* [WHAT THIS TASK INVOLVES]: Retype, word for word, every line of the records below starting at the one that contains "unfolding Z_def using" and ending at the one that contains "(\<forall>x. Vector_Spaces.linear scale"; include both of those lines and nothing more.

* [Collected data]:
*** Block opens ***

lemma bipoly_obtains_poly_coeffs:
  assumes "bipoly q"
  obtains n C where "\<And>x y. q (x, y) = poly (\<Sum>i\<le>n. monom (poly (C i) y) i) x"
proof -
  obtain n a where a: "\<And>z. q z = (\<Sum>i\<le>n. \<Sum>j\<le>n. a i j * fst z ^ i * snd z ^ j)"
    using assms unfolding bipoly_def by blast
  define C where "C i = (\<Sum>j\<le>n. monom (a i j) j)" for i
  have "q (x, y) = poly (\<Sum>i\<le>n. monom (poly (C i) y) i) x" for x y
    by (simp add: a C_def poly_sum poly_monom sum_distrib_left sum_distrib_right mult_ac)
  then show ?thesis
    by (rule that)
qed

lemma holomorphic_on_bipoly_fst:
  assumes "bipoly q"
  shows "(\<lambda>x. q (x, y)) holomorphic_on S"
proof -
  obtain n a where "\<And>z. q z = (\<Sum>i\<le>n. \<Sum>j\<le>n. a i j * fst z ^ i * snd z ^ j)"
    using assms unfolding bipoly_def by blast
  then show ?thesis
    by (simp add: holomorphic_on_sum holomorphic_intros)
qed

lemma finite_bipoly_fst_zeros:
  assumes "bipoly q" "\<not> (\<forall>x. q (x, y) = 0)"
  shows "finite {x. q (x, y) = 0}"
proof -
  obtain n C where C: "\<And>x y. q (x, y) = poly (\<Sum>i\<le>n. monom (poly (C i) y) i) x"
    by (metis assms(1) bipoly_obtains_poly_coeffs)
  then have "(\<Sum>i\<le>n. monom (poly (C i) y) i) \<noteq> 0"
    using assms(2) by auto
  then show ?thesis
    using poly_roots_finite by (simp add: C)
qed

lemma finite_bipoly_vanishing_fst_slices:
  assumes "bipoly q" "\<exists>z. q z \<noteq> 0"
  shows "finite {y. \<forall>x. q (x, y) = 0}"
proof -
  obtain n C where C: "\<And>x y. q (x, y) = poly (\<Sum>i\<le>n. monom (poly (C i) y) i) x"
    by (metis assms(1) bipoly_obtains_poly_coeffs)
  have coeff: "coeff (\<Sum>i\<le>n. monom (poly (C i) y) i) i = poly (C i) y" if "i \<le> n" for i y
    using that by (simp add: coeff_sum coeff_monom)
  obtain x0 y0 where "q (x0, y0) \<noteq> 0"
    using assms(2) by auto
  then have nonzero: "(\<Sum>i\<le>n. monom (poly (C i) y0) i) \<noteq> 0"
    by (auto simp: C)
  have "\<exists>i\<le>n. poly (C i) y0 \<noteq> 0"
  proof (rule ccontr)
    assume "\<not> (\<exists>i\<le>n. poly (C i) y0 \<noteq> 0)"
    then have "(\<Sum>i\<le>n. monom (poly (C i) y0) i) = 0"
      by (intro sum.neutral) auto
    with nonzero show False
      by contradiction
  qed
  then obtain i0 where "i0 \<le> n" "poly (C i0) y0 \<noteq> 0"
    by blast
  then have "C i0 \<noteq> 0"
    by auto
  have "{y. \<forall>x. q (x, y) = 0} \<subseteq> {y. poly (C i0) y = 0}"
  proof safe
    fix y
    assume "\<forall>x. q (x, y) = 0"
    then have "(\<Sum>i\<le>n. monom (poly (C i) y) i) = 0"
      using poly_all_0_iff_0 by (auto simp: C)
    then show "poly (C i0) y = 0"
      using coeff[OF \<open>i0 \<le> n\<close>, of y] by simp
  qed
  then show ?thesis
    using poly_roots_finite[OF \<open>C i0 \<noteq> 0\<close>] finite_subset by blast
qed

lemma holomorphic_on_fst_slice_of_continuous_quotient:
  assumes "bipoly p" "bipoly q" and quot: "\<forall>z\<in>bidisk. q z \<noteq> 0 \<longrightarrow> \<phi> z = p z / q z"
    and cont: "continuous_on bidisk \<phi>" and "norm y < 1" and "\<not> (\<forall>x. q (x, y) = 0)"
  shows "(\<lambda>x. \<phi> (x, y)) holomorphic_on ball 0 1"
proof -
  define Z where "Z = {x. q (x, y) = 0}"
  have in_bidisk: "(x, y) \<in> bidisk" if "x \<in> ball 0 1" for x
    using that \<open>norm y < 1\<close> by (simp add: bidisk_def)
  have "continuous_on (ball 0 1) (\<lambda>x. \<phi> (x, y))"
    using in_bidisk by (intro continuous_on_compose2[OF cont] continuous_intros) auto
  moreover have "(\<lambda>x. p (x, y) / q (x, y)) holomorphic_on ball 0 1 - Z"
    using holomorphic_on_bipoly_fst[OF \<open>bipoly p\<close>] holomorphic_on_bipoly_fst[OF \<open>bipoly q\<close>]
    by (intro holomorphic_on_divide) (auto simp: Z_def)
  then have "(\<lambda>x. \<phi> (x, y)) holomorphic_on ball 0 1 - Z"
    by (rule holomorphic_transform) (use quot in_bidisk in \<open>auto simp: Z_def\<close>)
  moreover have "finite Z"
    unfolding Z_def using assms(2,6) by (rule finite_bipoly_fst_zeros)
  ultimately show ?thesis
    by (rule no_isolated_singularity[OF _ _ open_ball])
qed
(* Let $\mathfrak g$ be a finite-dimensional two-step solvable Lie algebra over a field of characteristic zero with $\mathfrak g^\infty=\mathfrak g^3$. Then $\mathfrak g$ admits an LR-structure.
   Context: Two-step solvable means $[[\mathfrak g,\mathfrak g],[\mathfrak g,\mathfrak g]]=0$. Lower central series: $\mathfrak g^1=\mathfrak g$, $\mathfrak g^{i+1}=[\mathfrak g,\mathfrak g^i]$, $\mathfrak g^\infty=\bigcap_i\mathfrak g^i$. An LR-structure on a Lie algebra $\mathfrak g$ is a bilinear product $\cdot$ on its underlying space with $x\cdot(y\cdot z)=y\cdot(x\cdot z)$, $(x\cdot y)\cdot z=(x\cdot z)\cdot y$ and $x\cdot y-y\cdot x=[x,y]$ for all $x,y,z$. *)

theory Defs
  imports Complex_Main
begin

definition bilinear_map :: "('k::field \<Rightarrow> 'v::ab_group_add \<Rightarrow> 'v) \<Rightarrow> ('v \<Rightarrow> 'v \<Rightarrow> 'v) \<Rightarrow> bool" where
  "bilinear_map scale f \<longleftrightarrow>
     (\<forall>x. Vector_Spaces.linear scale scale (f x)) \<and> (\<forall>y. Vector_Spaces.linear scale scale (\<lambda>x. f x y))"

definition lie_algebra :: "('k::field \<Rightarrow> 'v::ab_group_add \<Rightarrow> 'v) \<Rightarrow> ('v \<Rightarrow> 'v \<Rightarrow> 'v) \<Rightarrow> bool" where
  "lie_algebra scale br \<longleftrightarrow>
     vector_space scale \<and> bilinear_map scale br \<and> (\<forall>x. br x x = 0) \<and>
     (\<forall>x y z. br x (br y z) + br y (br z x) + br z (br x y) = 0)"

definition finite_dim :: "('k::field \<Rightarrow> 'v::ab_group_add \<Rightarrow> 'v) \<Rightarrow> bool" where
  "finite_dim scale \<longleftrightarrow> (\<exists>B. finite_dimensional_vector_space scale B)"

text \<open>Lower central series: g^1 = g, g^(i+1) = [g, g^i] (linear span of brackets).
  The index 0 is given the value g as well (unused convention).\<close>

fun lower_central :: "('k::field \<Rightarrow> 'v::ab_group_add \<Rightarrow> 'v) \<Rightarrow> ('v \<Rightarrow> 'v \<Rightarrow> 'v) \<Rightarrow> nat \<Rightarrow> 'v set" where
  "lower_central scale br 0 = UNIV"
| "lower_central scale br (Suc 0) = UNIV"
| "lower_central scale br (Suc (Suc n)) =
     module.span scale {br x y | x y. y \<in> lower_central scale br (Suc n)}"

definition lower_central_inf :: "('k::field \<Rightarrow> 'v::ab_group_add \<Rightarrow> 'v) \<Rightarrow> ('v \<Rightarrow> 'v \<Rightarrow> 'v) \<Rightarrow> 'v set" where
  "lower_central_inf scale br = (\<Inter>i\<in>{1..}. lower_central scale br i)"

definition derived_algebra :: "('k::field \<Rightarrow> 'v::ab_group_add \<Rightarrow> 'v) \<Rightarrow> ('v \<Rightarrow> 'v \<Rightarrow> 'v) \<Rightarrow> 'v set" where
  "derived_algebra scale br = module.span scale {br x y | x y. True}"

definition two_step_solvable :: "('k::field \<Rightarrow> 'v::ab_group_add \<Rightarrow> 'v) \<Rightarrow> ('v \<Rightarrow> 'v \<Rightarrow> 'v) \<Rightarrow> bool" where
  "two_step_solvable scale br \<longleftrightarrow>
     (\<forall>x\<in>derived_algebra scale br. \<forall>y\<in>derived_algebra scale br. br x y = 0)"

definition is_LR_structure :: "('k::field \<Rightarrow> 'v::ab_group_add \<Rightarrow> 'v) \<Rightarrow> ('v \<Rightarrow> 'v \<Rightarrow> 'v) \<Rightarrow> ('v \<Rightarrow> 'v \<Rightarrow> 'v) \<Rightarrow> bool" where
  "is_LR_structure scale br p \<longleftrightarrow>
     bilinear_map scale p \<and>
     (\<forall>x y z. p x (p y z) = p y (p x z)) \<and>
     (\<forall>x y z. p (p x y) z = p (p x z) y) \<and>
     (\<forall>x y. p x y - p y x = br x y)"

end

theory Submission
  imports Defs
begin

*** Block closes ***

* [OUTPUT FOR THIS EXERCISE]:
    unfolding Z_def using assms(2,6) by (rule finite_bipoly_fst_zeros)
  ultimately show ?thesis
    by (rule no_isolated_singularity[OF _ _ open_ball])
qed
(* Let $\mathfrak g$ be a finite-dimensional two-step solvable Lie algebra over a field of characteristic zero with $\mathfrak g^\infty=\mathfrak g^3$. Then $\mathfrak g$ admits an LR-structure.
   Context: Two-step solvable means $[[\mathfrak g,\mathfrak g],[\mathfrak g,\mathfrak g]]=0$. Lower central series: $\mathfrak g^1=\mathfrak g$, $\mathfrak g^{i+1}=[\mathfrak g,\mathfrak g^i]$, $\mathfrak g^\infty=\bigcap_i\mathfrak g^i$. An LR-structure on a Lie algebra $\mathfrak g$ is a bilinear product $\cdot$ on its underlying space with $x\cdot(y\cdot z)=y\cdot(x\cdot z)$, $(x\cdot y)\cdot z=(x\cdot z)\cdot y$ and $x\cdot y-y\cdot x=[x,y]$ for all $x,y,z$. *)

theory Defs
  imports Complex_Main
begin

definition bilinear_map :: "('k::field \<Rightarrow> 'v::ab_group_add \<Rightarrow> 'v) \<Rightarrow> ('v \<Rightarrow> 'v \<Rightarrow> 'v) \<Rightarrow> bool" where
  "bilinear_map scale f \<longleftrightarrow>
     (\<forall>x. Vector_Spaces.linear scale scale (f x)) \<and> (\<forall>y. Vector_Spaces.linear scale scale (\<lambda>x. f x y))"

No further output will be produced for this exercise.